The ticket is to get the edge flat from side to side and then round over the 1/16" edges. This is not a scraper you want it to roll over the surface as you pull and wiggle.

Sadly, I have given some of my favorites away or I would offer one to you. I like to make them up as I go with wood and veneer from projects I enjoyed. You should have come to the veneering class I taught at Phil Soper's shop. Phil made veneer hammers for everybody. They were nicely built not funky blocks on a stick like mine.

No matter what hammer style you build, you will make others if you continue with this method of veneering. Its a little like mallets but with veneer hammers, you don't need a big war club.

Do not leave them unguarded near the ground if you have a dog.

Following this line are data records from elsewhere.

definition weighted_data_set :: "'x set \<Rightarrow> (real \<times> 'x) set \<Rightarrow> bool" where
  "weighted_data_set X S \<longleftrightarrow> finite S \<and> (\<forall>(w, x) \<in> S. w \<ge> 1 \<and> x \<in> X)"

definition indist :: "'b measure \<Rightarrow> real \<Rightarrow> 'b measure \<Rightarrow> 'b measure \<Rightarrow> bool" where
  "indist N eps P Q \<longleftrightarrow> eps \<ge> 0 \<and>
     (\<forall>Y \<in> sets N. measure P Y \<le> exp eps * measure Q Y \<and> measure Q Y \<le> exp eps * measure P Y)"

definition dist_profile ::
  "'x set \<Rightarrow> 'b measure \<Rightarrow> ('x set \<Rightarrow> 'b measure) \<Rightarrow> ('x \<Rightarrow> real) \<Rightarrow> bool" where
  "dist_profile X N A psi \<longleftrightarrow>
     (\<forall>x \<in> X. psi x \<ge> 0) \<and>
     (\<forall>D x. data_set X D \<longrightarrow> x \<in> X \<longrightarrow> indist N (psi x) (A D) (A (insert x D)))"

definition weighted_dist_profile ::
  "'x set \<Rightarrow> 'b measure \<Rightarrow> ((real \<times> 'x) set \<Rightarrow> 'b measure) \<Rightarrow> (real \<Rightarrow> 'x \<Rightarrow> real) \<Rightarrow> bool" where
  "weighted_dist_profile X N M eps \<longleftrightarrow>
     (\<forall>w x. w \<ge> 1 \<longrightarrow> x \<in> X \<longrightarrow> eps w x \<ge> 0) \<and>
     (\<forall>S w' x'. weighted_data_set X S \<longrightarrow> w' \<ge> 1 \<longrightarrow> x' \<in> X \<longrightarrow>
        indist N (eps w' x') (M S) (M (insert (w', x') S)))"

definition poisson_sampler :: "('x \<Rightarrow> real) \<Rightarrow> 'x set \<Rightarrow> (real \<times> 'x) set pmf" where
  "poisson_sampler q D =
     map_pmf (\<lambda>\<gamma>. {(1 / q x, x) | x. x \<in> D \<and> \<gamma> x})
             (Pi_pmf D False (\<lambda>x. bernoulli_pmf (q x)))"

text \<open>The composed mechanism M \<circ> S_q: the output distribution on N obtained by first sampling
  a weighted data set and then running M on it (i.e. the monadic bind, with output space N).\<close>
definition compose_sampler ::
  "'b measure \<Rightarrow> ((real \<times> 'x) set \<Rightarrow> 'b measure) \<Rightarrow> ('x \<Rightarrow> real) \<Rightarrow> 'x set \<Rightarrow> 'b measure" where
  "compose_sampler N M q D =
     measure_of (space N) (sets N)
       (\<lambda>A. \<integral>\<^sup>+ S. emeasure (M S) A \<partial>measure_pmf (poisson_sampler q D))"

end

theory Submission
  imports Defs
begin

text \<open>Adding x to D only changes the sampled weighted data set with probability q x, and then
  by inserting (w, x) with w = 1 / q x. So the probability of an event Y under D \<union> {x} is the
  mixture q b + (1 - q) a of the averages a and b of Pr[M S \<in> Y] and Pr[M (S \<union> {(w, x)}) \<in> Y]
  over the sample S drawn from D. Integrating the weighted profile gives b \<le> e a and a \<le> e b with
  e = exp (eps w x), and an elementary inequality turns this into the factor 1 + q (e - 1) in both
  directions.\<close>

lemma set_pmf_poisson_sampler:
  "S \<in> set_pmf (poisson_sampler q D) \<Longrightarrow> S \<subseteq> (\<lambda>x. (1 / q x, x)) ` D"
  unfolding poisson_sampler_def by auto

lemma finite_set_pmf_poisson_sampler:
  assumes "finite D"
  shows "finite (set_pmf (poisson_sampler q D))"
proof (rule finite_subset)
  show "set_pmf (poisson_sampler q D) \<subseteq> Pow ((\<lambda>x. (1 / q x, x)) ` D)"
    using set_pmf_poisson_sampler by blast
qed (use assms in simp)

lemma weighted_data_set_poisson_sampler:
  assumes "data_set X D" and "\<And>x. x \<in> X \<Longrightarrow> 0 < q x \<and> q x \<le> 1"
    and "S \<in> set_pmf (poisson_sampler q D)"
  shows "weighted_data_set X S"
proof -
  have "finite S"
    using assms(1) finite_subset[OF set_pmf_poisson_sampler[OF assms(3)]]
    by (simp add: data_set_def)
  moreover have "w \<ge> 1 \<and> y \<in> X" if "(w, y) \<in> S" for w y
    using that set_pmf_poisson_sampler[OF assms(3)] assms(1,2) by (force simp: data_set_def)
  ultimately show ?thesis
    by (auto simp: weighted_data_set_def)
qed

lemma poisson_sampler_insert:
  assumes "finite D" and "x \<notin> D"
  shows "poisson_sampler q (insert x D) =
    map_pmf (\<lambda>(keep, S). if keep then insert (1 / q x, x) S else S)
      (pair_pmf (bernoulli_pmf (q x)) (poisson_sampler q D))"
  unfolding poisson_sampler_def using assms
  by (simp add: Pi_pmf_insert pair_map_pmf2 map_pmf_comp, intro map_pmf_cong refl)
    (auto split: if_splits)

lemma integral_poisson_sampler_insert:
  fixes f :: "(real \<times> 'x) set \<Rightarrow> real"
  assumes "finite D" and "x \<notin> D" and "0 \<le> q x" "q x \<le> 1" and "\<And>S. 0 \<le> f S"
  shows "(\<integral>S. f S \<partial>poisson_sampler q (insert x D)) =
    q x * (\<integral>S. f (insert (1 / q x, x) S) \<partial>poisson_sampler q D) +
    (1 - q x) * (\<integral>S. f S \<partial>poisson_sampler q D)"
proof -
  let ?P = "poisson_sampler q D"
  let ?I\<^sub>1 = "\<integral>S. f (insert (1 / q x, x) S) \<partial>?P" and ?I\<^sub>0 = "\<integral>S. f S \<partial>?P"
  have integral_eq: "(\<integral>\<^sup>+S. ennreal (g S) \<partial>p) = ennreal (\<integral>S. g S \<partial>p)"
    if "finite (set_pmf p)" "\<And>S. 0 \<le> g S" for p and g :: "_ \<Rightarrow> real"
    using that by (intro nn_integral_eq_integral integrable_measure_pmf_finite AE_I2)
  have "ennreal (\<integral>S. f S \<partial>poisson_sampler q (insert x D)) =
      (\<integral>\<^sup>+S. ennreal (f S) \<partial>poisson_sampler q (insert x D))"
    using assms by (simp add: integral_eq finite_set_pmf_poisson_sampler)
  also have "\<dots> = ennreal (q x) * (\<integral>\<^sup>+S. ennreal (f (insert (1 / q x, x) S)) \<partial>?P) +
      ennreal (1 - q x) * (\<integral>\<^sup>+S. ennreal (f S) \<partial>?P)"
    using assms by (simp add: poisson_sampler_insert nn_integral_pair_pmf' mult.commute)
  also have "\<dots> = ennreal (q x * ?I\<^sub>1) + ennreal ((1 - q x) * ?I\<^sub>0)"
    using assms by (simp add: integral_eq finite_set_pmf_poisson_sampler ennreal_mult)
  also have "\<dots> = ennreal (q x * ?I\<^sub>1 + (1 - q x) * ?I\<^sub>0)"
    using assms by (intro ennreal_plus[symmetric] mult_nonneg_nonneg integral_nonneg) auto
  finally show ?thesis
    using assms by (subst (asm) ennreal_inj) (auto intro: integral_nonneg)
qed

lemma emeasure_compose_sampler:
  assumes "\<And>S. S \<in> set_pmf (poisson_sampler q D) \<Longrightarrow> sets (M S) = sets N" and "Y \<in> sets N"
  shows "emeasure (compose_sampler N M q D) Y = (\<integral>\<^sup>+S. emeasure (M S) Y \<partial>poisson_sampler q D)"
  unfolding compose_sampler_def
proof (rule emeasure_measure_of_sigma[OF sets.sigma_algebra_axioms _ _ assms(2)])
  show "positive (sets N) (\<lambda>A. \<integral>\<^sup>+S. emeasure (M S) A \<partial>poisson_sampler q D)"
    by (simp add: positive_def)
  show "countably_additive (sets N) (\<lambda>A. \<integral>\<^sup>+S. emeasure (M S) A \<partial>poisson_sampler q D)"
  proof (rule countably_additiveI)
    fix A :: "nat \<Rightarrow> _"
    assume A: "range A \<subseteq> sets N" "disjoint_family A"
    have "(\<Sum>i. \<integral>\<^sup>+S. emeasure (M S) (A i) \<partial>poisson_sampler q D) =
        (\<integral>\<^sup>+S. (\<Sum>i. emeasure (M S) (A i)) \<partial>poisson_sampler q D)"
      by (simp add: nn_integral_suminf)
    also have "\<dots> = (\<integral>\<^sup>+S. emeasure (M S) (\<Union>i. A i) \<partial>poisson_sampler q D)"
      using A assms(1) by (intro nn_integral_cong_AE AE_pmfI suminf_emeasure) auto
    finally show "(\<Sum>i. \<integral>\<^sup>+S. emeasure (M S) (A i) \<partial>poisson_sampler q D) =
        (\<integral>\<^sup>+S. emeasure (M S) (\<Union>i. A i) \<partial>poisson_sampler q D)" .
  qed
qed

lemma measure_compose_sampler:
  assumes "finite D"
    and "\<And>S. S \<in> set_pmf (poisson_sampler q D) \<Longrightarrow> finite_measure (M S) \<and> sets (M S) = sets N"
    and "Y \<in> sets N"
  shows "measure (compose_sampler N M q D) Y = (\<integral>S. measure (M S) Y \<partial>poisson_sampler q D)"
proof -
  have "emeasure (compose_sampler N M q D) Y = (\<integral>\<^sup>+S. emeasure (M S) Y \<partial>poisson_sampler q D)"
    using assms by (intro emeasure_compose_sampler) auto
  also have "\<dots> = (\<integral>\<^sup>+S. ennreal (measure (M S) Y) \<partial>poisson_sampler q D)"
    using assms(2) by (intro nn_integral_cong_AE AE_pmfI) (simp add: finite_measure.emeasure_eq_measure)
  also have "\<dots> = ennreal (\<integral>S. measure (M S) Y \<partial>poisson_sampler q D)"
    using assms(1) by (intro nn_integral_eq_integral integrable_measure_pmf_finite
        finite_set_pmf_poisson_sampler) auto
  finally show ?thesis
    by (simp add: measure_def integral_nonneg)
qed

lemma mixture_amplification_bounds:
  fixes a b q e :: real
  assumes "0 \<le> a" and "0 \<le> q" "q \<le> 1" and "0 < e" and "b \<le> e * a" "a \<le> e * b"
  shows "q * b + (1 - q) * a \<le> (1 + q * (e - 1)) * a"
    and "a \<le> (1 + q * (e - 1)) * (q * b + (1 - q) * a)"
proof -
  let ?c = "1 + q * (e - 1)"
  have "?c * a - (q * b + (1 - q) * a) = q * (e * a - b)"
    by (simp add: algebra_simps)
  moreover have "0 \<le> q * (e * a - b)"
    using assms by simp
  ultimately show "q * b + (1 - q) * a \<le> ?c * a"
    by linarith
  have "e * (?c * (q * b + (1 - q) * a) - a) = ?c * q * (e * b - a) + a * q * (1 - q) * (e - 1)\<^sup>2"
    by (simp add: algebra_simps power2_eq_square)
  moreover have "0 \<le> ?c"
  proof -
    have "?c = (1 - q) + q * e"
      by (simp add: algebra_simps)
    moreover have "0 \<le> q * e"
      using assms by simp
    ultimately show ?thesis
      using assms(3) by linarith
  qed
  then have "0 \<le> ?c * q * (e * b - a)"
    using assms by simp
  moreover have "0 \<le> a * q * (1 - q) * (e - 1)\<^sup>2"
    using assms by simp
  ultimately show "a \<le> ?c * (q * b + (1 - q) * a)"
    using assms(4) by (smt (verit) zero_le_mult_iff)
qed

They love the smell of the glue and they will run off with you hammer. Ask me how...?

This is without question the best time of year to do hot hide glue veneer work. The temperature and the dry air is just fantastic.

Thanks - then brass is preferred - I am guessing is shouldn't flex - so >1/8"? or is 1/4" better?
 

danmart77

Dan
Corporate Member
Brass 1/8 thick x 2.5 wide won't flex when set in the edge of the head. I like the brass plate to protrude about 3/8" from the wood edge. This makes it easy to clean and chip off the hard glue if you get busy and forget. Additionally, if it gets heavy use like mine do, you will need to "touch up" the rounded edge with a mill file.

Use epoxy to set the brass in the wood channel.
 

Phil S

Phil Soper
Staff member
Corporate Member
Hank, Come see me next time you are in Raleigh. I have an extra from the workshop - it is just sitting in a drawer, might as well get you to put it to work
 

junquecol

Bruce
Senior User
Got compressed air? Then look at a venturi pump. Air-Vac Engineering AH-93. If your compressor has a threaded filter on the inlet, then you have a vacuum pump. But be sure and add a filter between bag and vacuum generator. I use a metal fuel filter.
 

marinosr

Richard
Corporate Member
Hrm OK a lot to chew on. Hammer veneering definitely seems like a viable option and cheap. Debating whether I want to get into hot hide glue... I have quite the collection of glues and they're all going to expire before I can use them :D Dan you didn't mention a toothing plane... is this not a necessity for hammer veneering (I'll be using a solid wood substrate?)

I did see those venturi setups and they look nice, but I don't have a compressor.